Loading Images in Jupyter Code Workspace

adampsu · December 30, 2024, 4:25am

Hi everyone,

I’m facing an issue with downloading images in my Jupyter Code Workspace. According to the Foundry documentation, the following approach should work for downloading files:

from foundry.transforms import Dataset

# Download all files in the dataset
downloaded_files = Dataset.get("my_alias").files().download()
local_file = downloaded_files["file.pdf"]

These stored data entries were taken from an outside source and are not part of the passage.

locale self_reciprocal = field_involution \<sigma> for \<sigma> :: "'a::field \<Rightarrow> 'a" +
  fixes p :: "'a poly"
  assumes coeff_0_nonzero: "coeff p 0 \<noteq> 0"
    and p_eq_vee: "p = vee \<sigma> p"
    and degree_pos: "degree p > 0"
begin

abbreviation \<kappa> :: "'a poly" where "\<kappa> \<equiv> [:0, 1:]"
abbreviation \<kappa>inv :: "'a poly" where "\<kappa>inv \<equiv> kappa_inv p"

lemma conj_coeff_reflected: "k \<le> degree p \<Longrightarrow> \<sigma> (coeff p (degree p - k)) = \<sigma> (coeff p 0) * coeff p k"
proof -
  assume k: "k \<le> degree p"
  have "coeff p k = coeff (vee \<sigma> p) k" using p_eq_vee by simp
  also have "\<dots> = inverse (\<sigma> (coeff p 0)) * \<sigma> (coeff p (degree p - k))"
    using k by (simp add: vee_def coeff_reflect_poly)
  finally show ?thesis using coeff_0_nonzero by (simp add: field_simps)
qed

lemma lead_coeff_eq_1: "lead_coeff p = 1"
  using conj_coeff_reflected[of "degree p"] coeff_0_nonzero by simp

lemma coeff_0_mult_conj: "coeff p 0 * \<sigma> (coeff p 0) = 1"
  using conj_coeff_reflected[of 0] lead_coeff_eq_1 by (simp add: mult.commute)

lemma coeff_0_eq_1_if_trivial_involution:
  assumes char: "(2::'a) \<noteq> 0" and irr: "irreducible p" and triv: "\<forall>x. \<sigma> x = x"
    and even: "even (degree p)"
  shows "coeff p 0 = 1"
proof -
  have triv': "\<sigma> = (\<lambda>x. x)" using triv by auto
  have "(coeff p 0 - 1) * (coeff p 0 + 1) = 0"
    using coeff_0_mult_conj triv by (simp add: algebra_simps)
  moreover have "coeff p 0 \<noteq> - 1"
  proof
    assume m: "coeff p 0 = - 1"
    have "poly p 1 = poly (vee \<sigma> p) 1" using p_eq_vee by simp
    also have "\<dots> = - poly p 1"
      by (simp add: vee_def triv' conj_poly_def m poly_reflect_poly_nz)
    finally have "poly p 1 = 0" using char by (simp add: eq_neg_iff_add_eq_0 flip: mult_2)
    then show False using degree_eq_1_if_irreducible_root[OF irr] even by fastforce
  qed
  ultimately show ?thesis by (simp add: eq_neg_iff_add_eq_0)
qed

text \<open>\<open>kappa_inv p\<close> is chosen by \<open>SOME\<close>; it is a genuine inverse of \<open>\<kappa>\<close> modulo p because
  \<open>p(0) \<noteq> 0\<close>.\<close>
lemma kappa_mult_kappa_inv: "[\<kappa> * \<kappa>inv = 1] (mod p)"
proof -
  obtain c w where pw: "p = pCons c w" by (cases p) auto
  have c: "c \<noteq> 0" using pw coeff_0_nonzero by simp
  have "\<kappa> * smult (- inverse c) w = 1 - smult (inverse c) p"
    using c pw by (simp add: smult_add_right one_pCons)
  moreover have "[1 - smult (inverse c) p = 1] (mod p)"
    unfolding cong_iff_dvd_diff by (simp add: dvd_smult)
  ultimately have "\<exists>v. eq_mod p (\<kappa> * v) 1" unfolding eq_mod_def cong_def by metis
  from someI_ex[OF this] show ?thesis unfolding kappa_inv_def eq_mod_def cong_def .
qed

lemma kappa_pow_cancel_left:
  "[\<kappa> ^ m * (\<kappa>inv ^ m * f) = f] (mod p)" "[\<kappa>inv ^ m * (\<kappa> ^ m * f) = f] (mod p)"
proof -
  have "[(\<kappa> * \<kappa>inv) ^ m * f = 1 ^ m * f] (mod p)"
    by (intro cong_mult cong_pow kappa_mult_kappa_inv cong_refl)
  then show "[\<kappa> ^ m * (\<kappa>inv ^ m * f) = f] (mod p)" "[\<kappa>inv ^ m * (\<kappa> ^ m * f) = f] (mod p)"
    by (simp_all only: power_mult_distrib power_one mult_1_left ac_simps)
qed

lemma kappa_pow_mult_kappa_inv_pow: "i \<le> m \<Longrightarrow> [\<kappa> ^ m * \<kappa>inv ^ i = \<kappa> ^ (m - i)] (mod p)"
proof -
  assume "i \<le> m"
  then have "\<kappa> ^ m = \<kappa> ^ i * \<kappa> ^ (m - i)" by (simp flip: power_add)
  then have "\<kappa> ^ m * \<kappa>inv ^ i = \<kappa> ^ i * (\<kappa>inv ^ i * \<kappa> ^ (m - i))" by (simp only: ac_simps)
  then show ?thesis by (simp only: kappa_pow_cancel_left(1))
qed

lemma kappa_pow_mult_cancel: "[\<kappa> ^ m * f = \<kappa> ^ m * g] (mod p) \<Longrightarrow> [f = g] (mod p)"
  using cong_trans[OF cong_trans[OF cong_sym[OF kappa_pow_cancel_left(2)] cong_mult[OF cong_refl]]
      kappa_pow_cancel_left(2)] .

text \<open>Substituting \<open>\<kappa>\<^sup>-\<^sup>1\<close> into f and clearing denominators with \<open>\<kappa>\<^sup>m\<close> reverses the
  coefficient sequence of f, read with length m + 1.\<close>
lemma kappa_pow_mult_pcompose_kappa_inv:
  assumes "degree f \<le> m"
  shows "[\<kappa> ^ m * pcompose f \<kappa>inv = (\<Sum>k\<le>m. monom (coeff f k) (m - k))] (mod p)"
proof -
  have "\<kappa> ^ m * pcompose f \<kappa>inv = (\<Sum>k\<le>m. smult (coeff f k) (\<kappa> ^ m * \<kappa>inv ^ k))"
    by (subst poly_as_sum_of_monoms'[OF assms, symmetric])
       (simp add: pcompose_sum pcompose_monom sum_distrib_left)
  also have "[\<dots> = (\<Sum>k\<le>m. smult (coeff f k) (\<kappa> ^ (m - k)))] (mod p)"
    by (intro cong_sum cong_smult kappa_pow_mult_kappa_inv_pow) simp
  finally show ?thesis by (simp add: monom_altdef)
qed

lemma circ_diff: "circ \<sigma> p (f - g) = circ \<sigma> p f - circ \<sigma> p g"
  and circ_mult: "circ \<sigma> p (f * g) = circ \<sigma> p f * circ \<sigma> p g"
  and circ_1: "circ \<sigma> p 1 = 1"
  and circ_kappa: "circ \<sigma> p \<kappa> = \<kappa>inv"
  by (simp_all add: circ_def pcompose_diff pcompose_mult pcompose_1 pcompose_pCons)

lemma circ_power: "circ \<sigma> p (f ^ k) = circ \<sigma> p f ^ k"
  by (induction k) (simp_all add: circ_1 circ_mult)

lemma circ_p_cong_0: "[circ \<sigma> p p = 0] (mod p)"
proof -
  have "[\<kappa> ^ degree p * circ \<sigma> p p =
      (\<Sum>k\<le>degree p. monom (coeff (conj_poly \<sigma> p) k) (degree p - k))] (mod p)"
    unfolding circ_def by (rule kappa_pow_mult_pcompose_kappa_inv) simp
  also have "(\<Sum>k\<le>degree p. monom (coeff (conj_poly \<sigma> p) k) (degree p - k)) = smult (\<sigma> (coeff p 0)) p"
    by (rule poly_eqI) (auto simp: coeff_sum_monom_reversed conj_coeff_reflected coeff_eq_0)
  also have "[smult (\<sigma> (coeff p 0)) p = \<kappa> ^ degree p * 0] (mod p)"
    by (simp add: cong_0_iff dvd_smult)
  finally show ?thesis by (rule kappa_pow_mult_cancel)
qed

lemma circ_cong: "[f = g] (mod p) \<Longrightarrow> [circ \<sigma> p f = circ \<sigma> p g] (mod p)"
proof -
  assume "[f = g] (mod p)"
  then obtain w where "f - g = p * w" unfolding cong_iff_dvd_diff by (auto elim: dvdE)
  then have "circ \<sigma> p f - circ \<sigma> p g = circ \<sigma> p p * circ \<sigma> p w"
    by (metis circ_diff circ_mult)
  moreover have "[circ \<sigma> p p * circ \<sigma> p w = 0 * circ \<sigma> p w] (mod p)"
    by (rule cong_mult[OF circ_p_cong_0 cong_refl])
  ultimately show ?thesis by (simp add: cong_iff_dvd_diff cong_0_iff)
qed

lemma circ_kappa_inv: "[circ \<sigma> p \<kappa>inv = \<kappa>] (mod p)"
proof -
  have "[\<kappa>inv * circ \<sigma> p \<kappa>inv = 1] (mod p)"
    using circ_cong[OF kappa_mult_kappa_inv] by (simp only: circ_mult circ_kappa circ_1)
  then have "[\<kappa> * (\<kappa>inv * circ \<sigma> p \<kappa>inv) = \<kappa> * 1] (mod p)"
    by (rule cong_mult[OF cong_refl])
  with kappa_pow_cancel_left(1)[of 1 "circ \<sigma> p \<kappa>inv"] show ?thesis
    by (simp only: power_one_right mult_1_right cong_def)
qed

However, I’m struggling to adapt this for downloading images. When I follow these steps, I end up with parquet files instead of the expected images:

{
    'spark/part-00000-dcb7197b-d051-4dea-90ed-c56fbfa64726-c000.snappy.parquet': '/foundry/0a697b6f969d726c/ri.foundry.main.dataset.eb2d6994-f832-429b-a23b-47f82d37d3b5/ri.foundry.main.transaction.00000003-13ab-71e1-aa6f-cb06d9026800/spark/part-00000-dcb7197b-d051-4dea-90ed-c56fbfa64726-c000.snappy.parquet',
    'spark/part-00001-dcb7197b-d051-4dea-90ed-c56fbfa64726-c000.snappy.parquet': '/foundry/0a697b6f969d726c/ri.foundry.main.dataset.eb2d6994-f832-429b-a23b-47f82d37d3b5/ri.foundry.main.transaction.00000003-13ab-71e1-aa6f-cb06d9026800/spark/part-00001-dcb7197b-d051-4dea-90ed-c56fbfa64726-c000.snappy.parquet'
}

My dataset contains about ~30,000 images that look like this:

Does anyone have experience with downloading images from a dataset in Foundry? Is there a specific approach for handling non-tabular data that contains images?

Thanks in advance!

lmartini · December 30, 2024, 2:55pm

Hi!

Might this might be because your dataset only contains references to images and not actually images? Usually datasets with images are unstructured, so they wouldn’t have a schema.

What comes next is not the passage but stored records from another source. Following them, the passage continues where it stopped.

(* Let $\mathcal{F}$ be the class of planar graphs of maximum degree at most $4$, and let $G \in \mathcal{F}$ be a graph with $\chi_2(G) > 12$ that minimizes the pair $(|V(G)|, |E(G)|)$ (lexicographically) among all graphs of $\mathcal{F}$ with $\chi_2 > 12$. Then $G$ is $2$-connected.
   Context: All graphs are finite, without loops or parallel edges. A distance-$2$ coloring of a graph is an assignment of colors to its vertices such that any two distinct vertices at distance at most $2$ receive different colors; $\chi_2(G)$ is the minimum number of colors in a distance-$2$ coloring of $G$. *)

theory Defs
  imports "HOL-Analysis.Analysis"
begin

definition simple_graph :: "'v set \<Rightarrow> 'v set set \<Rightarrow> bool" where
  "simple_graph V E \<longleftrightarrow> finite V \<and> (\<forall>e\<in>E. \<exists>u v. e = {u, v} \<and> u \<noteq> v \<and> u \<in> V \<and> v \<in> V)"

definition adj :: "'v set set \<Rightarrow> 'v \<Rightarrow> 'v \<Rightarrow> bool" where
  "adj E u v \<longleftrightarrow> {u, v} \<in> E \<and> u \<noteq> v"

definition degree :: "'v set set \<Rightarrow> 'v \<Rightarrow> nat" where
  "degree E v = card {e \<in> E. v \<in> e}"

definition max_degree_le :: "'v set \<Rightarrow> 'v set set \<Rightarrow> nat \<Rightarrow> bool" where
  "max_degree_le V E d \<longleftrightarrow> (\<forall>v\<in>V. degree E v \<le> d)"

definition dist_le2 :: "'v set \<Rightarrow> 'v set set \<Rightarrow> 'v \<Rightarrow> 'v \<Rightarrow> bool" where
  "dist_le2 V E u v \<longleftrightarrow> adj E u v \<or> (\<exists>w\<in>V. adj E u w \<and> adj E w v)"

definition dist2_coloring :: "'v set \<Rightarrow> 'v set set \<Rightarrow> nat \<Rightarrow> ('v \<Rightarrow> nat) \<Rightarrow> bool" where
  "dist2_coloring V E k c \<longleftrightarrow> (\<forall>v\<in>V. c v < k) \<and>
     (\<forall>u\<in>V. \<forall>v\<in>V. u \<noteq> v \<and> dist_le2 V E u v \<longrightarrow> c u \<noteq> c v)"

definition chi2 :: "'v set \<Rightarrow> 'v set set \<Rightarrow> nat" where
  "chi2 V E = (LEAST k. \<exists>c. dist2_coloring V E k c)"

definition planar :: "'v set \<Rightarrow> 'v set set \<Rightarrow> bool" where
  "planar V E \<longleftrightarrow> (\<exists>(p :: 'v \<Rightarrow> complex) (\<gamma> :: 'v set \<Rightarrow> real \<Rightarrow> complex).
     inj_on p V \<and>
     (\<forall>e\<in>E. arc (\<gamma> e) \<and> {pathstart (\<gamma> e), pathfinish (\<gamma> e)} = p ` e \<and>
             path_image (\<gamma> e) \<inter> p ` V = p ` e) \<and>
     (\<forall>e\<in>E. \<forall>e'\<in>E. e \<noteq> e' \<longrightarrow> path_image (\<gamma> e) \<inter> path_image (\<gamma> e') \<subseteq> p ` (e \<inter> e')))"

definition connected_graph :: "'v set \<Rightarrow> 'v set set \<Rightarrow> bool" where
  "connected_graph V E \<longleftrightarrow> V \<noteq> {} \<and>
     (\<forall>u\<in>V. \<forall>v\<in>V. (\<lambda>x y. x \<in> V \<and> y \<in> V \<and> adj E x y)\<^sup>*\<^sup>* u v)"

definition del_vertex_edges :: "'v set set \<Rightarrow> 'v \<Rightarrow> 'v set set" where
  "del_vertex_edges E x = {e \<in> E. x \<notin> e}"

definition two_connected :: "'v set \<Rightarrow> 'v set set \<Rightarrow> bool" where
  "two_connected V E \<longleftrightarrow> card V \<ge> 3 \<and> connected_graph V E \<and>
     (\<forall>x\<in>V. connected_graph (V - {x}) (del_vertex_edges E x))"

definition in_F :: "'v set \<Rightarrow> 'v set set \<Rightarrow> bool" where
  "in_F V E \<longleftrightarrow> simple_graph V E \<and> planar V E \<and> max_degree_le V E 4"

end

theory Submission
  imports Defs
begin

text \<open>If G were not 2-connected, it would split at a vertex x into two proper induced
  subgraphs G[A] and G[B] with A \<inter> B = {x} and no edges between A - {x} and B - {x} (a
  disconnected graph on at least three vertices already splits at a vertex whose deletion
  keeps two vertices apart). By minimality both sides have distance-2 colourings with 12
  colours. Two vertices on different sides at distance at most 2 are both neighbours of x.
  As x has at most 4 neighbours, the colours of the colouring of G[B] can be permuted so
  that x keeps its colour and the B-neighbours of x avoid the colours of x and of its
  A-neighbours; the two colourings then combine into a 12-colouring of G.\<close>

definition induced_edges :: "'v set set \<Rightarrow> 'v set \<Rightarrow> 'v set set" where
  "induced_edges E A = {e \<in> E. e \<subseteq> A}"

lemma simple_graph_finite_edges:
  assumes "simple_graph V E"
  shows "finite E"
proof (rule finite_subset)
  show "E \<subseteq> Pow V"
    using assms unfolding simple_graph_def by auto
  show "finite (Pow V)"
    using assms unfolding simple_graph_def by simp
qed

lemma adj_sym: "adj E u v \<Longrightarrow> adj E v u"
  unfolding adj_def by (auto simp: insert_commute)

lemma dist_le2_sym: "dist_le2 V E u v \<Longrightarrow> dist_le2 V E v u"
  unfolding dist_le2_def by (auto dest: adj_sym)

lemma card_neighbours_le_degree:
  assumes "finite E"
  shows "card {v. adj E x v} \<le> degree E x"
  unfolding degree_def
proof (rule card_inj_on_le[where f = "\<lambda>v. {x, v}"])
  show "inj_on (\<lambda>v. {x, v}) {v. adj E x v}"
    by (auto simp: inj_on_def adj_def doubleton_eq_iff)
  show "(\<lambda>v. {x, v}) ` {v. adj E x v} \<subseteq> {e \<in> E. x \<in> e}"
    by (auto simp: adj_def)
qed (use assms in auto)

lemma finite_neighbours:
  assumes "finite E"
  shows "finite {v. adj E x v}"
proof (rule finite_imageD)
  have "(\<lambda>v. {x, v}) ` {v. adj E x v} \<subseteq> E"
    by (auto simp: adj_def)
  then show "finite ((\<lambda>v. {x, v}) ` {v. adj E x v})"
    using assms by (rule finite_subset)
  show "inj_on (\<lambda>v. {x, v}) {v. adj E x v}"
    by (auto simp: inj_on_def adj_def doubleton_eq_iff)
qed

lemma dist2_coloring_adj:
  assumes "dist2_coloring V E k c" "u \<in> V" "v \<in> V" "adj E u v"
  shows "c u \<noteq> c v"
  using assms unfolding dist2_coloring_def dist_le2_def adj_def by blast

lemma chi2_le: "dist2_coloring V E k c \<Longrightarrow> chi2 V E \<le> k"
  unfolding chi2_def by (rule Least_le) blast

I have tried something similar to your approach; first I uploaded images to an unstructured dataset, and when importing such dataset in the Jupiter code workspace, I was provided with the unstructured option, and I can see my files are displayed as png.

This is how the dataset preview looks like given it only contains an image

So in your preview we can actually see tabular data, which is why it reads as tabular dataset in code workspace and not as images. In order to operate on the actual images you would need to make sure that your dataset is unstructured and contains the files of the images.

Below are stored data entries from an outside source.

(* Let $w:A\to B$ be a weak equivalence in a P-category $(\mathcal{C},P,\mathcal{F},\mathcal{W})$. Then the induced map $\overline{w}:=((\delta^0_A,\delta^1_A),P(w)):P(A)\to\mathcal{P}(w,w)$ is a weak equivalence.
   Context: Let $\mathcal{C}$ have finite products and a final object $e$. A functorial path is a functor $P$ with natural transformations $\iota:1\to P$, $\delta^0,\delta^1:P\to1$, $\delta^0\iota=\delta^1\iota=1$, equipped with a symmetry $\tau$ (natural automorphism of $P$, $\tau\tau=1$, $\tau\iota=\iota$, $\delta^k\tau=\delta^{1-k}$), a coproduct $c:P\to P^2$ ($c_{P(A)}c_A=P(c_A)c_A$, $\delta^1_{P(A)}c_A=P(\delta^1_A)c_A=1$, $c_A\iota_A=\iota_{P(A)}\iota_A$, $\delta^0_{P(A)}c_A=P(\delta^0_A)c_A=\iota_A\delta^0_A$), an interchange $\mu$ (natural automorphism of $P^2$, $\delta^k_{P(A)}\mu_A=P(\delta^k_A)$, $P(\delta^k_A)\mu_A=\delta^k_{P(A)}$) and a folding map $\nabla:P^2\to P$ ($\delta^k\nabla=\delta^k\delta^k_P$, $\nabla\iota_P=1$). The double mapping path $\mathcal{P}(w,w)$ is the fibre product of $w\times w:A\times A\to B\times B$ and $(\delta^0_B,\delta^1_B):P(B)\to B\times B$. A P-category has classes $\mathcal{F}$ (fibrations), $\mathcal{W}$ (weak equivalences) satisfying: (P$_1$) both contain isomorphisms and are closed under composition, $\mathcal{W}$ is 2-out-of-3, each $A\to e$ is a fibration; (P$_2$) $\iota_A\in\mathcal{W}$, $(\delta^0_A,\delta^1_A)\in\mathcal{F}$, $\delta^0_A,\delta^1_A\in\mathcal{F}\cap\mathcal{W}$; (P$_3$) for $u:A\to C$ and $v:B\to C$ in $\mathcal{F}$, $A\times_CB$ exists, $\pi_1\in\mathcal{F}$, $\pi_1\in\mathcal{F}\cap\mathcal{W}$ if $v$ is, and $\pi_2\in\mathcal{W}$ if $u\in\mathcal{W}$; (P$_4$) $P$ preserves fibrations, weak equivalences and fibre products; (P$_5$) for each fibration $v:A\to B$, $((\delta^0_A,\delta^1_A),P(v)):P(A)\to\mathcal{P}(v,v)$ is a fibration. *)

theory Defs imports Main begin

record ('o,'m) cat =
  cobj  :: "'o set"
  carr  :: "'m set"
  cdom  :: "'m \<Rightarrow> 'o"
  ccod  :: "'m \<Rightarrow> 'o"
  cid   :: "'o \<Rightarrow> 'm"
  ccomp :: "'m \<Rightarrow> 'm \<Rightarrow> 'm"   \<comment> \<open>ccomp C g f = g after f\<close>
  cterm :: "'o"
  cprod :: "'o \<Rightarrow> 'o \<Rightarrow> 'o"
  cpr1  :: "'o \<Rightarrow> 'o \<Rightarrow> 'm"
  cpr2  :: "'o \<Rightarrow> 'o \<Rightarrow> 'm"

definition hom :: "('o,'m,'x) cat_scheme \<Rightarrow> 'o \<Rightarrow> 'o \<Rightarrow> 'm set" where
  "hom C A B = {f \<in> carr C. cdom C f = A \<and> ccod C f = B}"

definition is_category :: "('o,'m,'x) cat_scheme \<Rightarrow> bool" where
  "is_category C \<longleftrightarrow>
     (\<forall>f\<in>carr C. cdom C f \<in> cobj C \<and> ccod C f \<in> cobj C) \<and>
     (\<forall>A\<in>cobj C. cid C A \<in> hom C A A) \<and>
     (\<forall>f\<in>carr C. \<forall>g\<in>carr C. ccod C f = cdom C g \<longrightarrow>
        ccomp C g f \<in> hom C (cdom C f) (ccod C g)) \<and>
     (\<forall>f\<in>carr C. ccomp C (cid C (ccod C f)) f = f \<and> ccomp C f (cid C (cdom C f)) = f) \<and>
     (\<forall>f\<in>carr C. \<forall>g\<in>carr C. \<forall>h\<in>carr C. ccod C f = cdom C g \<longrightarrow> ccod C g = cdom C h \<longrightarrow>
        ccomp C h (ccomp C g f) = ccomp C (ccomp C h g) f)"

definition is_iso :: "('o,'m,'x) cat_scheme \<Rightarrow> 'm \<Rightarrow> bool" where
  "is_iso C f \<longleftrightarrow> f \<in> carr C \<and>
     (\<exists>g\<in>hom C (ccod C f) (cdom C f).
        ccomp C g f = cid C (cdom C f) \<and> ccomp C f g = cid C (ccod C f))"

definition is_terminal :: "('o,'m,'x) cat_scheme \<Rightarrow> 'o \<Rightarrow> bool" where
  "is_terminal C e \<longleftrightarrow> e \<in> cobj C \<and> (\<forall>A\<in>cobj C. \<exists>!t. t \<in> hom C A e)"

definition is_product :: "('o,'m,'x) cat_scheme \<Rightarrow> 'o \<Rightarrow> 'o \<Rightarrow> 'o \<Rightarrow> 'm \<Rightarrow> 'm \<Rightarrow> bool" where
  "is_product C A B X p1 p2 \<longleftrightarrow> X \<in> cobj C \<and> p1 \<in> hom C X A \<and> p2 \<in> hom C X B \<and>
     (\<forall>Y\<in>cobj C. \<forall>f\<in>hom C Y A. \<forall>g\<in>hom C Y B.
        \<exists>!h. h \<in> hom C Y X \<and> ccomp C p1 h = f \<and> ccomp C p2 h = g)"

definition is_pullback :: "('o,'m,'x) cat_scheme \<Rightarrow> 'm \<Rightarrow> 'm \<Rightarrow> 'o \<Rightarrow> 'm \<Rightarrow> 'm \<Rightarrow> bool" where
  "is_pullback C u v X p1 p2 \<longleftrightarrow> u \<in> carr C \<and> v \<in> carr C \<and> ccod C u = ccod C v \<and>
     X \<in> cobj C \<and> p1 \<in> hom C X (cdom C u) \<and> p2 \<in> hom C X (cdom C v) \<and>
     ccomp C u p1 = ccomp C v p2 \<and>
     (\<forall>Y\<in>cobj C. \<forall>f\<in>hom C Y (cdom C u). \<forall>g\<in>hom C Y (cdom C v).
        ccomp C u f = ccomp C v g \<longrightarrow>
        (\<exists>!h. h \<in> hom C Y X \<and> ccomp C p1 h = f \<and> ccomp C p2 h = g))"

definition is_cat_fp :: "('o,'m,'x) cat_scheme \<Rightarrow> bool" where
  "is_cat_fp C \<longleftrightarrow> is_category C \<and> is_terminal C (cterm C) \<and>
     (\<forall>A\<in>cobj C. \<forall>B\<in>cobj C. is_product C A B (cprod C A B) (cpr1 C A B) (cpr2 C A B))"

definition tuple :: "('o,'m,'x) cat_scheme \<Rightarrow> 'm \<Rightarrow> 'm \<Rightarrow> 'm" where
  "tuple C f g = (THE h. h \<in> hom C (cdom C f) (cprod C (ccod C f) (ccod C g)) \<and>
      ccomp C (cpr1 C (ccod C f) (ccod C g)) h = f \<and>
      ccomp C (cpr2 C (ccod C f) (ccod C g)) h = g)"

If you don’t want to operate on datasets with raw files, you can use first-class Mediasets in Foundry (I see you have some mio rids in your dataset, so possibly you are already aware of those?). However, Mediasets are not yet supported with Code Workspaces. You would have to use Pipeline Builder or Code Repositories for those.

adampsu · January 2, 2025, 3:04pm

Sorry for the late response – thanks. This actually helped me figure out the problem.

system · March 3, 2025, 3:04pm

This topic was automatically closed 60 days after the last reply. New replies are no longer allowed.